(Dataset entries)
= Beginning of Section =

(* In the setting of the context, let $\Lambda:B\to B'$ be a CPTP map, and for a Choi matrix $J$ (of a channel $\mathcal{E}:A'\to B$) let $J'=(\mathrm{id}_{A'}\otimes\Lambda)(J)$ be the Choi matrix of $\Lambda\circ\mathcal{E}$, and define $\sigma^{g}_{J'},\sigma^{t}_{J'}$ on $AB'$ by the same formulas as $\rho^g_J,\rho^t_J$ with $J'$ in place of $J$. Assume: (a) there is a POVM $\{P'_c\}_{c\in\mathcal{C}'}$ on $AB'$ with $\Phi'_c[\sigma]=\operatorname{Tr}(P'_c\sigma)$ such that $\Phi'_c[(\mathrm{id}_A\otimes\Lambda)(\rho)]=\Phi_c[\rho]$ for all $c$ and all states $\rho$ on $AB$; (b) there are constants $\theta_1,\theta_2$, a subset $\mathcal{F}\subseteq\mathcal{C}'$, a POVM element $M^A$ on $A$ and projectors $\Pi^B$ on $B$, $\Pi^{B'}$ on $B'$ with $\operatorname{Tr}[(M^A\otimes\Pi^{B'})(\mathrm{id}_A\otimes\Lambda)(\rho)]=\operatorname{Tr}[(M^A\otimes\Pi^{B})\rho]$ for all $\rho$, such that $\sum_{c\in\mathcal{F}}\Phi_c[\rho]\ge\theta_1\big(\theta_2-\operatorname{Tr}[(M^A\otimes\Pi^B)\rho]\big)$ for all states $\rho$ on $AB$; (c) $\hat W$ is a real function on states of $AB'$ with $\hat W(\sigma^g_{J'})\le W(\rho^g_J)$ for every Choi matrix $J$. Then for every $\mathbf{g}\in\mathbb{R}^{|\mathcal{C}'|}$, every probability distribution $\mathbf{q}^{\mathrm{hon}}$ on $\mathcal{C}'$ and every $\alpha\in(1,3/2)$, $$\inf_{J}\Big(W(\rho^{g}_J)+\mathbf{g}\cdot(\mathbf{q}^{\mathrm{hon}}-\boldsymbol\Phi[\rho^t_J])-c_\alpha\widetilde V(\boldsymbol\Phi[\rho^t_J],\mathbf{g})\Big)\ \ge\ \inf_{J'\in\mathcal{D}'}\Big(\hat W(\sigma^{g}_{J'})+\mathbf{g}\cdot(\mathbf{q}^{\mathrm{hon}}-\boldsymbol\Phi'[\sigma^t_{J'}])-c_\alpha\widetilde V(\boldsymbol\Phi'[\sigma^t_{J'}],\mathbf{g})\Big),$$ where the left infimum is over all Choi matrices $J$ on $A'B$, $c_\alpha=\frac{\alpha-1}{2-\alpha}\frac{\ln 2}{2}$, and $$\mathcal{D}'=\Big\{J'\ge0 \text{ on } A'B' : \operatorname{Tr}_{B'}J'=\mathbb{1}_{A'},\ \sum_{c\in\mathcal{F}}\Phi'_c[\sigma^t_{J'}]\ge\theta_1\big(\theta_2-\operatorname{Tr}[(M^A\otimes\Pi^{B'})\sigma^t_{J'}]\big)\Big\}.$$
   Context: $A,A',B,B'$ are finite-dimensional systems, $\ket{\xi^g},\ket{\xi^t}$ pure states on $AA'$. A Choi matrix is $J\ge0$ on $A'B$ with $\operatorname{Tr}_B J=\mathbb{1}_{A'}$, and $\rho^{g}_J=\operatorname{Tr}_{A'}[(\mathbb{1}_A\otimes J)(\ket{\xi^g}\!\bra{\xi^g}^{T_{A'}}\otimes\mathbb{1}_B)]$, $\rho^{t}_J$ likewise with $\xi^t$. $W$ is a real-valued function of states on $AB$; $\mathcal{C}'$ is a finite alphabet, $\Phi_c[\rho]=\operatorname{Tr}(P_c\rho)$ for a POVM $\{P_c\}_{c\in\mathcal{C}'}$ on $AB$, $\boldsymbol\Phi=(\Phi_c)_c$. Given $\gamma\in(0,1]$, an integer $d_A\ge1$ and $\kappa\in\{1,2\}$, for a distribution $\mathbf{q}$ on $\mathcal{C}'$ and $\mathbf{g}\in\mathbb{R}^{|\mathcal{C}'|}$, $$\widetilde V(\mathbf{q},\mathbf{g})=\Big(\log_2(1+2d_A^\kappa)+\sqrt{2+\sum_{c}\tfrac{q_c}{\gamma}(\max(\mathbf{g})-g_c)^2-(\max(\mathbf{g})-\mathbf{g}\cdot\mathbf{q})^2}\Big)^2.$$ *)

theory Defs
  imports Complex_Main "HOL-Library.Extended_Real"
begin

= End of Section =

Work order |
Each entry should be duplicated exactly as it was given.

Final answer |
(* In the setting of the context, let $\Lambda:B\to B'$ be a CPTP map, and for a Choi matrix $J$ (of a channel $\mathcal{E}:A'\to B$) let $J'=(\mathrm{id}_{A'}\otimes\Lambda)(J)$ be the Choi matrix of $\Lambda\circ\mathcal{E}$, and define $\sigma^{g}_{J'},\sigma^{t}_{J'}$ on $AB'$ by the same formulas as $\rho^g_J,\rho^t_J$ with $J'$ in place of $J$. Assume: (a) there is a POVM $\{P'_c\}_{c\in\mathcal{C}'}$ on $AB'$ with $\Phi'_c[\sigma]=\operatorname{Tr}(P'_c\sigma)$ such that $\Phi'_c[(\mathrm{id}_A\otimes\Lambda)(\rho)]=\Phi_c[\rho]$ for all $c$ and all states $\rho$ on $AB$; (b) there are constants $\theta_1,\theta_2$, a subset $\mathcal{F}\subseteq\mathcal{C}'$, a POVM element $M^A$ on $A$ and projectors $\Pi^B$ on $B$, $\Pi^{B'}$ on $B'$ with $\operatorname{Tr}[(M^A\otimes\Pi^{B'})(\mathrm{id}_A\otimes\Lambda)(\rho)]=\operatorname{Tr}[(M^A\otimes\Pi^{B})\rho]$ for all $\rho$, such that $\sum_{c\in\mathcal{F}}\Phi_c[\rho]\ge\theta_1\big(\theta_2-\operatorname{Tr}[(M^A\otimes\Pi^B)\rho]\big)$ for all states $\rho$ on $AB$; (c) $\hat W$ is a real function on states of $AB'$ with $\hat W(\sigma^g_{J'})\le W(\rho^g_J)$ for every Choi matrix $J$. Then for every $\mathbf{g}\in\mathbb{R}^{|\mathcal{C}'|}$, every probability distribution $\mathbf{q}^{\mathrm{hon}}$ on $\mathcal{C}'$ and every $\alpha\in(1,3/2)$, $$\inf_{J}\Big(W(\rho^{g}_J)+\mathbf{g}\cdot(\mathbf{q}^{\mathrm{hon}}-\boldsymbol\Phi[\rho^t_J])-c_\alpha\widetilde V(\boldsymbol\Phi[\rho^t_J],\mathbf{g})\Big)\ \ge\ \inf_{J'\in\mathcal{D}'}\Big(\hat W(\sigma^{g}_{J'})+\mathbf{g}\cdot(\mathbf{q}^{\mathrm{hon}}-\boldsymbol\Phi'[\sigma^t_{J'}])-c_\alpha\widetilde V(\boldsymbol\Phi'[\sigma^t_{J'}],\mathbf{g})\Big),$$ where the left infimum is over all Choi matrices $J$ on $A'B$, $c_\alpha=\frac{\alpha-1}{2-\alpha}\frac{\ln 2}{2}$, and $$\mathcal{D}'=\Big\{J'\ge0 \text{ on } A'B' : \operatorname{Tr}_{B'}J'=\mathbb{1}_{A'},\ \sum_{c\in\mathcal{F}}\Phi'_c[\sigma^t_{J'}]\ge\theta_1\big(\theta_2-\operatorname{Tr}[(M^A\otimes\Pi^{B'})\sigma^t_{J'}]\big)\Big\}.$$
   Context: $A,A',B,B'$ are finite-dimensional systems, $\ket{\xi^g},\ket{\xi^t}$ pure states on $AA'$. A Choi matrix is $J\ge0$ on $A'B$ with $\operatorname{Tr}_B J=\mathbb{1}_{A'}$, and $\rho^{g}_J=\operatorname{Tr}_{A'}[(\mathbb{1}_A\otimes J)(\ket{\xi^g}\!\bra{\xi^g}^{T_{A'}}\otimes\mathbb{1}_B)]$, $\rho^{t}_J$ likewise with $\xi^t$. $W$ is a real-valued function of states on $AB$; $\mathcal{C}'$ is a finite alphabet, $\Phi_c[\rho]=\operatorname{Tr}(P_c\rho)$ for a POVM $\{P_c\}_{c\in\mathcal{C}'}$ on $AB$, $\boldsymbol\Phi=(\Phi_c)_c$. Given $\gamma\in(0,1]$, an integer $d_A\ge1$ and $\kappa\in\{1,2\}$, for a distribution $\mathbf{q}$ on $\mathcal{C}'$ and $\mathbf{g}\in\mathbb{R}^{|\mathcal{C}'|}$, $$\widetilde V(\mathbf{q},\mathbf{g})=\Big(\log_2(1+2d_A^\kappa)+\sqrt{2+\sum_{c}\tfrac{q_c}{\gamma}(\max(\mathbf{g})-g_c)^2-(\max(\mathbf{g})-\mathbf{g}\cdot\mathbf{q})^2}\Big)^2.$$ *)

theory Defs
  imports Complex_Main "HOL-Library.Extended_Real"
begin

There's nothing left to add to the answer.